La décima película de Isaki Lacuesta (Girona, 1975), se centra en estas dos almas, Ramón y Céline, a partir de la novela “Paz, amor y death metal”, de Ramón González, que sobrevivió a aquella noche fatídica. Un guion que firman Fran Araújo, Isa Campo y el propio Lacuesta, el mismo equipo de las tres últimas películas del director gerundense. Después de Los condenados, Murieron… y La próxima piel, el director vuelve a la ficción pura, pero no al uso, como nos tiene acostumbrados, tanto en la forma de adentrarse y la precisión quirúrgica en la  que envuelve a sus dos criaturas, porque se sitúa en la gestión del dolor, la culpa y el trauma tanto de Ramón como Céline. Mientras, él, necesita verbalizarlo, no olvidar nada y compartir lo ocurrido en Bataclan. En cambio, ella, opta por lo contrario, olvidar, callarse, no compartir, silenciarlo todo, y seguir como si nada. Dos formas diferentes de gestionar y afrontar el traumar, dos formas en las antípodas de enfrentarse al dolor, dos almas en continuo colisión, dos almas enfrentadas, dos almas que viven el después como pueden, ni mejor ni peor.

El director catalán vuelve a su tema preferido, el doble, que estructura toda su filmografía. En este caso, no se trata de la misma persona, sino de dos, dos personas y sus experiencias traumáticas, y contada a través de dos elementos importantes: la fragmentación y la desestructuración, tanto en el relato como en la forma, con esa cámara tan cerca de todo, que penetra en sus almas tristes, convirtiéndose en una segunda piel, en ese otro personaje, que los mira y los retrata, sin juzgarles y sin condescendencia, en un relato a modo de puzle imposible, en el que todo lo vemos a partir de ellos dos, a partir de su frágil memoria, de sus flashes de aquella noche, y de esa vida no vida que intentan continuar a pesar de lo que han vivido.
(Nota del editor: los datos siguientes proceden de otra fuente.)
(* In the standing local setup, the Chern curvature $F^r{}_\alpha=-\partial_{\bar z}(g^{r\bar\delta}\partial_z g_{\alpha\bar\delta})$ of the bundles $f^*T^{1,0}M$ (with metric $g_{\alpha\bar\beta}$) over all leaves vanishes identically if and only if $\partial\eta^\alpha/\partial\bar w_\beta\equiv0$ for all $\alpha,\beta$, i.e. if and only if for every $z$ the leaf vector field $X(z,\cdot)$ is a holomorphic vector field on $M$ (the foliation by leaves is holomorphic).
   Context: Standing local setup: $(M,\omega_0)$ is a Kähler manifold of complex dimension $n$, $\Sigma\subset\mathbb C$ a domain with coordinate $z$, and $\phi$ a smooth real function on $\Sigma\times M$ such that $\omega_\phi=\omega_0+\sqrt{-1}\partial\bar\partial_M\phi(z,\cdot)>0$ on $M$ for each $z$ and $(\pi_2^*\omega_0+\sqrt{-1}\partial\bar\partial\phi)^{n+1}=0$ on $\Sigma\times M$. In local holomorphic coordinates $w=(w_1,\dots,w_n)$ on $M$ write $g_{\alpha\bar\beta}=g_{0,\alpha\bar\beta}+\partial^2\phi/\partial w_\alpha\partial\bar w_\beta$ (the metric of $\omega_\phi$), $(g^{\alpha\bar\beta})$ its inverse, $\eta^\alpha=-g^{\alpha\bar\beta}\,\partial^2\phi/\partial z\partial\bar w_\beta$, $\eta^{\bar\alpha}=\overline{\eta^\alpha}$, $X=\eta^\alpha\partial/\partial w_\alpha$ (leaf vector field; $\partial/\partial z+X$ spans the kernel of $\pi_2^*\omega_0+\sqrt{-1}\partial\bar\partial\phi$), $\partial_z=\partial/\partial z+\eta^\alpha\partial/\partial w_\alpha$ and $\overline{\partial_z}=\partial/\partial\bar z+\eta^{\bar\alpha}\partial/\partial\bar w_\alpha$; summation over repeated indices. Integral curves of $\partial_z$ are holomorphic curves $z\mapsto(z,f(z))$ with $f'=\eta$ (the leaves). *)

theory Defs
  imports "HOL-Analysis.Analysis"
begin

text \<open>Local coordinates on the product \<open>Sigma \<times> M\<close>: a point is \<open>(z, w)\<close> with
  \<open>z \<in> \<complex>\<close> and \<open>w \<in> \<complex>^n\<close>, the index type \<open>'n\<close> enumerating \<open>w_1, ..., w_n\<close>.
  Coordinates of the product are indexed by \<open>'n option\<close>: \<open>None\<close> is \<open>z\<close>, \<open>Some a\<close> is \<open>w_a\<close>.\<close>

type_synonym 'n pt = "complex \<times> (complex^'n)"

fun dd :: "'a::real_normed_vector list \<Rightarrow> ('a \<Rightarrow> 'b::real_normed_vector) \<Rightarrow> 'a \<Rightarrow> 'b" where
  "dd [] f = f"
| "dd (v # vs) f = (\<lambda>p. frechet_derivative (dd vs f) (at p) v)"

definition smooth_on :: "'a::real_normed_vector set \<Rightarrow> ('a \<Rightarrow> 'b::real_normed_vector) \<Rightarrow> bool" where
  "smooth_on S f \<longleftrightarrow> (\<forall>vs. \<forall>p\<in>S. dd vs f differentiable (at p))"

definition rdir :: "'n option \<Rightarrow> 'n::finite pt" where
  "rdir k = (case k of None \<Rightarrow> (1, 0) | Some a \<Rightarrow> (0, axis a 1))"

definition idir :: "'n option \<Rightarrow> 'n::finite pt" where
  "idir k = (case k of None \<Rightarrow> (\<i>, 0) | Some a \<Rightarrow> (0, axis a \<i>))"

definition wirt :: "'n option \<Rightarrow> ('n::finite pt \<Rightarrow> complex) \<Rightarrow> 'n pt \<Rightarrow> complex" where
  "wirt k f p = (frechet_derivative f (at p) (rdir k) - \<i> * frechet_derivative f (at p) (idir k)) / 2"

definition wirt_bar :: "'n option \<Rightarrow> ('n::finite pt \<Rightarrow> complex) \<Rightarrow> 'n pt \<Rightarrow> complex" where
  "wirt_bar k f p = (frechet_derivative f (at p) (rdir k) + \<i> * frechet_derivative f (at p) (idir k)) / 2"

definition herm_pos :: "complex^'n^'n \<Rightarrow> bool" where
  "herm_pos A \<longleftrightarrow> (\<forall>i j. A $ j $ i = cnj (A $ i $ j)) \<and>
     (\<forall>v::complex^'n. v \<noteq> 0 \<longrightarrow> Re (\<Sum>i\<in>UNIV. \<Sum>j\<in>UNIV. A $ i $ j * v $ i * cnj (v $ j)) > 0)"

definition phic :: "('n::finite pt \<Rightarrow> real) \<Rightarrow> 'n pt \<Rightarrow> complex" where
  "phic phi = (\<lambda>p. complex_of_real (phi p))"

definition gmet :: "(complex^'n \<Rightarrow> complex^'n^'n) \<Rightarrow> ('n::finite pt \<Rightarrow> real) \<Rightarrow> 'n pt \<Rightarrow> complex^'n^'n" where
  "gmet g0 phi p = (\<chi> a b. g0 (snd p) $ a $ b + wirt (Some a) (wirt_bar (Some b) (phic phi)) p)"

text \<open>Inverse \<open>g^{a bbar}\<close>, normalised by \<open>g^{a bbar} g_{c bbar} = \<delta>^a_c\<close>.\<close>
definition ginv :: "(complex^'n \<Rightarrow> complex^'n^'n) \<Rightarrow> ('n::finite pt \<Rightarrow> real) \<Rightarrow> 'n pt \<Rightarrow> complex^'n^'n" where
  "ginv g0 phi p = matrix_inv (transpose (gmet g0 phi p))"

definition eta :: "(complex^'n \<Rightarrow> complex^'n^'n) \<Rightarrow> ('n::finite pt \<Rightarrow> real) \<Rightarrow> 'n \<Rightarrow> 'n pt \<Rightarrow> complex" where
  "eta g0 phi a p = - (\<Sum>b\<in>UNIV. ginv g0 phi p $ a $ b * wirt None (wirt_bar (Some b) (phic phi)) p)"

definition Dz :: "(complex^'n \<Rightarrow> complex^'n^'n) \<Rightarrow> ('n::finite pt \<Rightarrow> real) \<Rightarrow> ('n pt \<Rightarrow> complex) \<Rightarrow> 'n pt \<Rightarrow> complex" where
  "Dz g0 phi h p = wirt None h p + (\<Sum>c\<in>UNIV. eta g0 phi c p * wirt (Some c) h p)"

definition Dzb :: "(complex^'n \<Rightarrow> complex^'n^'n) \<Rightarrow> ('n::finite pt \<Rightarrow> real) \<Rightarrow> ('n pt \<Rightarrow> complex) \<Rightarrow> 'n pt \<Rightarrow> complex" where
  "Dzb g0 phi h p = wirt_bar None h p + (\<Sum>c\<in>UNIV. cnj (eta g0 phi c p) * wirt_bar (Some c) h p)"

definition curv :: "(complex^'n \<Rightarrow> complex^'n^'n) \<Rightarrow> ('n::finite pt \<Rightarrow> real) \<Rightarrow> 'n \<Rightarrow> 'n \<Rightarrow> 'n pt \<Rightarrow> complex" where
  "curv g0 phi r a p = - Dzb g0 phi
     (\<lambda>q. \<Sum>d\<in>UNIV. ginv g0 phi q $ r $ d * Dz g0 phi (\<lambda>q'. gmet g0 phi q' $ a $ d) q) p"

text \<open>Coefficient matrix of \<open>pi_2^* omega_0 + i \<partial>\<partial>bar phi\<close> on the product, indexed by \<open>'n option\<close>;
  its \<open>(n+1)\<close>-st power is a nonzero constant times its determinant times the volume form.\<close>
definition cmat :: "(complex^'n \<Rightarrow> complex^'n^'n) \<Rightarrow> ('n::finite pt \<Rightarrow> real) \<Rightarrow> 'n pt \<Rightarrow> complex^('n option)^('n option)" where
  "cmat g0 phi p = (\<chi> i j. (case (i, j) of (Some a, Some b) \<Rightarrow> g0 (snd p) $ a $ b | _ \<Rightarrow> 0)
                       + wirt i (wirt_bar j (phic phi)) p)"

end

theory Submission
  imports Defs
begin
No es en absoluto una película que dé respuestas de cómo gestionar un trauma, sino que se adentra en el interior de los personajes, y también, en cómo se gestionan, y sobre todo, como gestionan su yo de ahora, que ya no es el de antes, porque el de antes murió aquella noche en Bataclan, y no solo su conflicto, sino el conflicto que tienen con el otro, que está ahora misma muy distanciado en su forma de encarar el dolor y la vida a partir de ahora.
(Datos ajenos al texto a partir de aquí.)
lemma ternary_value_range:
  assumes "\<forall>j. a j \<in> {0, 1}"
  shows "ternary_value a \<in> {0..1}"
proof -
  have "0 \<le> ternary_value a" unfolding ternary_value_def
    using digits_01_real[OF assms] by (intro suminf_nonneg summable_ternary_terms assms) auto
  moreover have "ternary_value a \<le> (\<Sum>i. 2 / 3 ^ Suc (i + 0))" unfolding ternary_value_def
    using digits_01_real[OF assms] summable_ternary_terms[OF assms]
      sums_summable[OF sums_ternary_tail[of 0]]
    by (intro suminf_le) (auto simp: field_simps)
  ultimately show ?thesis using sums_unique[OF sums_ternary_tail[of 0]] by simp
qed

text \<open>Digits 0 and 2 in base 3 keep a gap: the first differing digit contributes
  2/3^(j+1), while all later ones together contribute at most 1/3^(j+1).\<close>

lemma ternary_value_diff_ge:
  assumes a: "\<forall>j. a j \<in> {0, 1}" and b: "\<forall>j. b j \<in> {0, 1}"
    and eq: "\<forall>i<j. a i = b i" and ne: "a j \<noteq> b j"
  shows "1 / 3 ^ Suc j \<le> \<bar>ternary_value a - ternary_value b\<bar>"
proof -
  define d where "d i = 2 * real_of_int (a i) / 3 ^ Suc i - 2 * real_of_int (b i) / 3 ^ Suc i" for i
  have d_bound: "\<bar>d i\<bar> \<le> 2 / 3 ^ Suc i" for i
    using digits_01_real[OF a, of i] digits_01_real[OF b, of i] by (auto simp: d_def field_simps)
  have "ternary_value a - ternary_value b = suminf d"
    unfolding ternary_value_def d_def
    using summable_ternary_terms[OF a] summable_ternary_terms[OF b] by (rule suminf_diff)
  also have "\<dots> = (\<Sum>i. d (i + Suc j)) + (\<Sum>i<Suc j. d i)"
    unfolding d_def by (intro suminf_split_initial_segment summable_diff summable_ternary_terms a b)
  also have "(\<Sum>i<Suc j. d i) = d j"
    using eq by (simp add: d_def)
  finally have split: "ternary_value a - ternary_value b = (\<Sum>i. d (i + Suc j)) + d j" .
  have d_tail: "\<bar>d (i + Suc j)\<bar> \<le> 2 / 3 ^ Suc (i + Suc j)" for i
    by (rule d_bound)
  have tail_summable: "summable (\<lambda>i. \<bar>d (i + Suc j)\<bar>)"
    by (rule summable_comparison_test[OF _ sums_summable[OF sums_ternary_tail[of "Suc j"]]])
      (use d_tail in auto)
  have "\<bar>\<Sum>i. d (i + Suc j)\<bar> \<le> (\<Sum>i. \<bar>d (i + Suc j)\<bar>)"
    by (rule summable_rabs[OF tail_summable])
  also have "\<dots> \<le> (\<Sum>i. 2 / 3 ^ Suc (i + Suc j))"
    using d_tail by (intro suminf_le tail_summable sums_summable[OF sums_ternary_tail])
  also have "\<dots> = 1 / 3 ^ Suc j" by (rule sums_unique[OF sums_ternary_tail, symmetric])
  finally have "\<bar>\<Sum>i. d (i + Suc j)\<bar> \<le> 1 / 3 ^ Suc j" .
  moreover have "\<bar>d j\<bar> = 2 / 3 ^ Suc j"
    using a[rule_format, of j] b[rule_format, of j] ne by (auto simp: d_def)
  ultimately show ?thesis using split by linarith
qed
Esa imagen en ocasiones abstracta y extraña, donde hasta el naturalismo tiene ese aroma de dureza y dolor, donde encuentran pocas huidas de luz, porque esa luz no la encuentran en su interior, y el fascinante juego de espejos y reflejos con esa cámara deslizándose entre paredes y cristales, mostrando todos esos muros que los separan a ellos y al otro. Una imagen de Irina Lubtchansky, que ha trabajado para Rivette y es habitual de Desplechin, consigue esa luz monrtecina y martilelante que se ha isntalado en las no vidas de los protagonistas, y toda la magnífica filmación de los atentados en Bataclan, llenos de confusión, ruido, miedo y locura. Toda un doctorado de cómo filmar una situación así, en el que ayuda el exquisito trabajo de montaje donde encontramos a un viejo conocido del director como es Sergi Dies, que firma junto a Fernando Franco, un director-montador, en el que saben transmitir esa montaña rusa en bucle por la que transitan las almas sin descanso de la película. El maravilloso equipo de sonido que forman grandes de la cinematografía de este país como Eva Valiño, Amanda Villavieja, Marc Orts y Alejandro Castillo, como suenan esos disparos en la sala, o todos los sonidos que nos acompañan durante el metraje, que podemos tocar y sentir, tan secos, tan duros, que tanto duelen. Y finalmente, otro que repite con Lacuesta, el músico Raúl Refree, creando esa compañía perfecta que explica lo que no vemos, y ayuda a penetrar más profundamente en estas almas que están siendo tan vapuleadas.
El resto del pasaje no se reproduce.